Miami here represents all the dreams and goals our parents had that bored, surprised or mystified us as young people, when we of course had infinitely more urgent needs than anything our parents wanted for their own lives. Lamazares captures perfectly the exasperation and jealousy and helplessness that confuse anyone trying to love someone whose own heart's object is a misty abstraction, or who lives only in the future. We watch Tanya looking vainly for something or someone to want as much as her mother wants Miami. Tanya and Emanuel, her brother, cling to each other as Mama's mercurial heart swings from inaccessible depression to cheerful hyperactivity.
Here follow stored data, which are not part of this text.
lemma lmax_attained: obtains x where "x \<in> X" "l x = lmax"
proof -
  have "Max (l ` X) \<in> l ` X" using finite_X X_nonempty by (intro Max_in) auto
  then show thesis using that unfolding lmax_def by auto
qed

lemma rmin_le_r: "x \<in> X \<Longrightarrow> rmin \<le> r x"
  unfolding rmin_def using finite_X by simp

lemma rmin_attained: obtains x where "x \<in> X" "r x = rmin"
proof -
  have "Min (r ` X) \<in> r ` X" using finite_X X_nonempty by (intro Min_in) auto
  then show thesis using that unfolding rmin_def by auto
qed

lemma ltypeD: "ltype \<noteq> TE \<Longrightarrow> x \<in> X \<Longrightarrow> l x = lmax \<Longrightarrow> bend_dir a (yl x) = ltype"
  unfolding ltype_def by (rule agreed_typeD) auto

lemma rtypeD: "rtype \<noteq> TE \<Longrightarrow> x \<in> X \<Longrightarrow> r x = rmin \<Longrightarrow> bend_dir a (yr x) = rtype"
  unfolding rtype_def by (rule agreed_typeD) auto

lemma ltypeI:
  assumes "\<And>x. x \<in> X \<Longrightarrow> l x = lmax \<Longrightarrow> bend_dir a (yl x) = d" "d \<noteq> TE"
  shows "ltype = d"
proof -
  obtain x0 where "x0 \<in> X" "l x0 = lmax" by (rule lmax_attained)
  then show ?thesis unfolding ltype_def using assms by (subst agreed_type_eq_iff) auto
qed

lemma rtypeI:
  assumes "\<And>x. x \<in> X \<Longrightarrow> r x = rmin \<Longrightarrow> bend_dir a (yr x) = d" "d \<noteq> TE"
  shows "rtype = d"
proof -
  obtain x0 where "x0 \<in> X" "r x0 = rmin" by (rule rmin_attained)
  then show ?thesis unfolding rtype_def using assms by (subst agreed_type_eq_iff) auto
qed
(* Let $\mathsf{u},\mathsf{v}\in V$ be consistently oriented spacelike vectors, let $p\in E$ and $\mathsf{w}\in V$, and suppose the crooked planes $\mathcal{C}(\mathsf{u},p)$ and $\mathcal{C}(\mathsf{v},p+\mathsf{w})$ are disjoint. Then $\mathcal{C}(\mathsf{v},p+\mathsf{w})\subset\mathcal{H}(-\mathsf{u},p)$.
   Context: $V=\mathbb{R}^3$ with Lorentzian inner product $x\cdot y=x_1y_1+x_2y_2-x_3y_3$ and standard orientation; $E$ is the affine space with translation space $V$. Null: $x\cdot x=0$; spacelike: $x\cdot x>0$; future-pointing: third coordinate positive. For spacelike $\mathsf{v}$, $\mathsf{v}^-,\mathsf{v}^+$ are the two future-pointing null vectors of Euclidean length $1$ in $\mathsf{v}^\perp$, labelled so that $(\mathsf{v}^-,\mathsf{v}^+,\mathsf{v})$ is positively oriented. For null $x$, $\mathcal{P}(x)$ is the set of spacelike $w\in x^\perp$ with $w^+$ a positive multiple of $x$. The crooked plane $\mathcal{C}(\mathsf{v},p)=(p+\mathcal{P}(\mathsf{v}^+))\cup(p+\mathcal{P}(\mathsf{v}^-))\cup(p+\{x:\mathsf{v}\cdot x=0,\ x\cdot x\le0\})$. The crooked half-space $\mathcal{H}(\mathsf{v},p)$ is the set of $q\in E$ with $(q-p)\cdot\mathsf{v}^+\le0$ if $(q-p)\cdot\mathsf{v}\ge0$, and $(q-p)\cdot\mathsf{v}^-\ge0$ if $(q-p)\cdot\mathsf{v}\le0$ (both when $(q-p)\cdot\mathsf{v}=0$). Spacelike vectors $\mathsf{v}_1,\dots,\mathsf{v}_n$ are consistently oriented if for all $i\ne j$: $\mathsf{v}_i\cdot\mathsf{v}_j<0$, $\mathsf{v}_i\cdot\mathsf{v}_j^+\le0$ and $\mathsf{v}_i\cdot\mathsf{v}_j^-\le0$. *)

theory Defs
  imports "HOL-Analysis.Analysis"
begin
Tanya's friend Paula works the corrupt system with her stepfather, a Santeria priest of a dark and ominous character, and needs Tanya's help for an escape of a different kind, while old Melena, a concert pianist before the revolution, loves Emanuel as the reincarnation of her dead son and her own lost ambitions. "Every day this love gave Emanuel a sense of being worthy because she was there, unmovable, bearing witness. I thought love like that was magic and would never happen to me." And of course life's betrayals come to all of them, dressed here in the steamy evenings of beer and black-market cigarettes on the porch, the lineup of the Young Pioneer units at school, the neighborhood snoops and snitches of the Committee for the Defense of the Revolution, and the timeless threat of magic beads. "What scared Mama was the power of her own vindictiveness. I knew something of this--how bad thoughts brewed inside till one day they sifted upward like smoke and changed the color of the air."
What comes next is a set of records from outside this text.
lemma finite_set_mult:
  fixes G (structure)
  shows "finite A \<Longrightarrow> finite B \<Longrightarrow> finite (A <#> B)"
  unfolding set_mult_eq_image by simp

context group
begin

lemma set_mult_memI: "a \<in> A \<Longrightarrow> b \<in> B \<Longrightarrow> a \<otimes> b \<in> A <#> B"
  unfolding set_mult_def by blast

lemma subset_set_mult_left: "\<one> \<in> B \<Longrightarrow> A \<subseteq> carrier G \<Longrightarrow> A \<subseteq> A <#> B"
  using set_mult_memI[of _ A \<one> B] by (metis r_one subsetD subsetI)

lemma subset_set_mult_right: "\<one> \<in> A \<Longrightarrow> B \<subseteq> carrier G \<Longrightarrow> B \<subseteq> A <#> B"
  using set_mult_memI[of \<one> A _ B] by (metis l_one subsetD subsetI)

lemma card_set_inv: "B \<subseteq> carrier G \<Longrightarrow> card (set_inv B) = card B"
  unfolding set_inv_eq_image using inv_inj by (metis card_image inj_on_subset)

lemma one_mem_of_Int_set_inv_eq_one:
  assumes "A \<inter> set_inv B = {\<one>}" "B \<subseteq> carrier G"
  shows "\<one> \<in> A" "\<one> \<in> B"
proof -
  have "\<one> \<in> set_inv B"
    using assms(1) by blast
  then obtain b where "b \<in> B" "\<one> = inv b"
    by (auto simp: set_inv_eq_image)
  moreover have "b \<in> carrier G"
    using \<open>b \<in> B\<close> assms(2) by blast
  ultimately have "b = \<one>"
    by (metis inv_eq_1_iff)
  with \<open>b \<in> B\<close> assms(1) show "\<one> \<in> A" "\<one> \<in> B"
    by auto
qed

lemma Un_subset_set_mult:
  assumes "A \<inter> set_inv B = {\<one>}" "A \<subseteq> carrier G" "B \<subseteq> carrier G"
  shows "A \<union> B \<subseteq> A <#> B"
  using one_mem_of_Int_set_inv_eq_one[OF assms(1,3)] assms(2,3)
  by (simp add: subset_set_mult_left subset_set_mult_right)

lemma card_Un_r_coset_add_card_stable:
  assumes "finite A" "A \<subseteq> carrier G" "g \<in> carrier G"
  shows "card (A \<union> (A #> g)) + card {a \<in> A. a \<otimes> g \<in> A} = 2 * card A"
proof -
  have inj: "inj_on (\<lambda>a. a \<otimes> g) A"
    using inj_on_multc[OF assms(3)] assms(2) by (rule inj_on_subset)
  have "card {a \<in> A. a \<otimes> g \<in> A} = card ((\<lambda>a. a \<otimes> g) ` {a \<in> A. a \<otimes> g \<in> A})"
    by (rule card_image[symmetric], rule inj_on_subset[OF inj]) auto
  also have "(\<lambda>a. a \<otimes> g) ` {a \<in> A. a \<otimes> g \<in> A} = A \<inter> (A #> g)"
    by (auto simp: r_coset_eq_image)
  finally have "card {a \<in> A. a \<otimes> g \<in> A} = card (A \<inter> (A #> g))" .
  moreover have "finite (A #> g)" "card (A #> g) = card A"
    unfolding r_coset_eq_image using assms(1) inj by (simp_all add: card_image)
  ultimately show ?thesis
    using card_Un_Int[OF assms(1), of "A #> g"] by simp
qed

lemma card_Un_l_coset_add_card_stable:
  assumes "finite B" "B \<subseteq> carrier G" "g \<in> carrier G"
  shows "card (B \<union> (g <# B)) + card {b \<in> B. g \<otimes> b \<in> B} = 2 * card B"
proof -
  have inj: "inj_on (\<lambda>b. g \<otimes> b) B"
    using inj_on_cmult[OF assms(3)] assms(2) by (rule inj_on_subset)
  have "card {b \<in> B. g \<otimes> b \<in> B} = card ((\<lambda>b. g \<otimes> b) ` {b \<in> B. g \<otimes> b \<in> B})"
    by (rule card_image[symmetric], rule inj_on_subset[OF inj]) auto
  also have "(\<lambda>b. g \<otimes> b) ` {b \<in> B. g \<otimes> b \<in> B} = B \<inter> (g <# B)"
    by (auto simp: l_coset_eq_image)
  finally have "card {b \<in> B. g \<otimes> b \<in> B} = card (B \<inter> (g <# B))" .
  moreover have "finite (g <# B)" "card (g <# B) = card B"
    unfolding l_coset_eq_image using assms(1) inj by (simp_all add: card_image)
  ultimately show ?thesis
    using card_Un_Int[OF assms(1), of "g <# B"] by simp
qed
Lamazares, herself born and raised in Cuba, paces the story of Tanya and her mother at a tropic torpor. But she also evokes the love-hate of Cubans for their impoverished and defiant situation almost offhandedly, in background remarks: On a rainy day, "Children were getting soaked splashing in the deep potholes." Tanya's family lives "packed tight like canned Russian meat," and her home town sports "Spanish street lamps that hadn't given off light for years." When Mama again begs Tanya to go along on a rickety raft to Miami, their voyage sets up a new set of betrayals and revelations and redemptions that keep the book unsettling to the end.

But this is no political tract. The anti-Castro views that drove Lamazares' own family to leave Cuba when she was 13 (legally, with exit visas) are not so much voiced as assumed, serving mainly as backdrop to the compelling story of a family every bit as real as Elian's, and much more comprehensible. We can only look forward to more from Lamazares, a fine new literary voice who proves again, even in these days of "reality-based" television, that a vivid imagination is much more powerful than any news story in showing us life at the level of the human heart.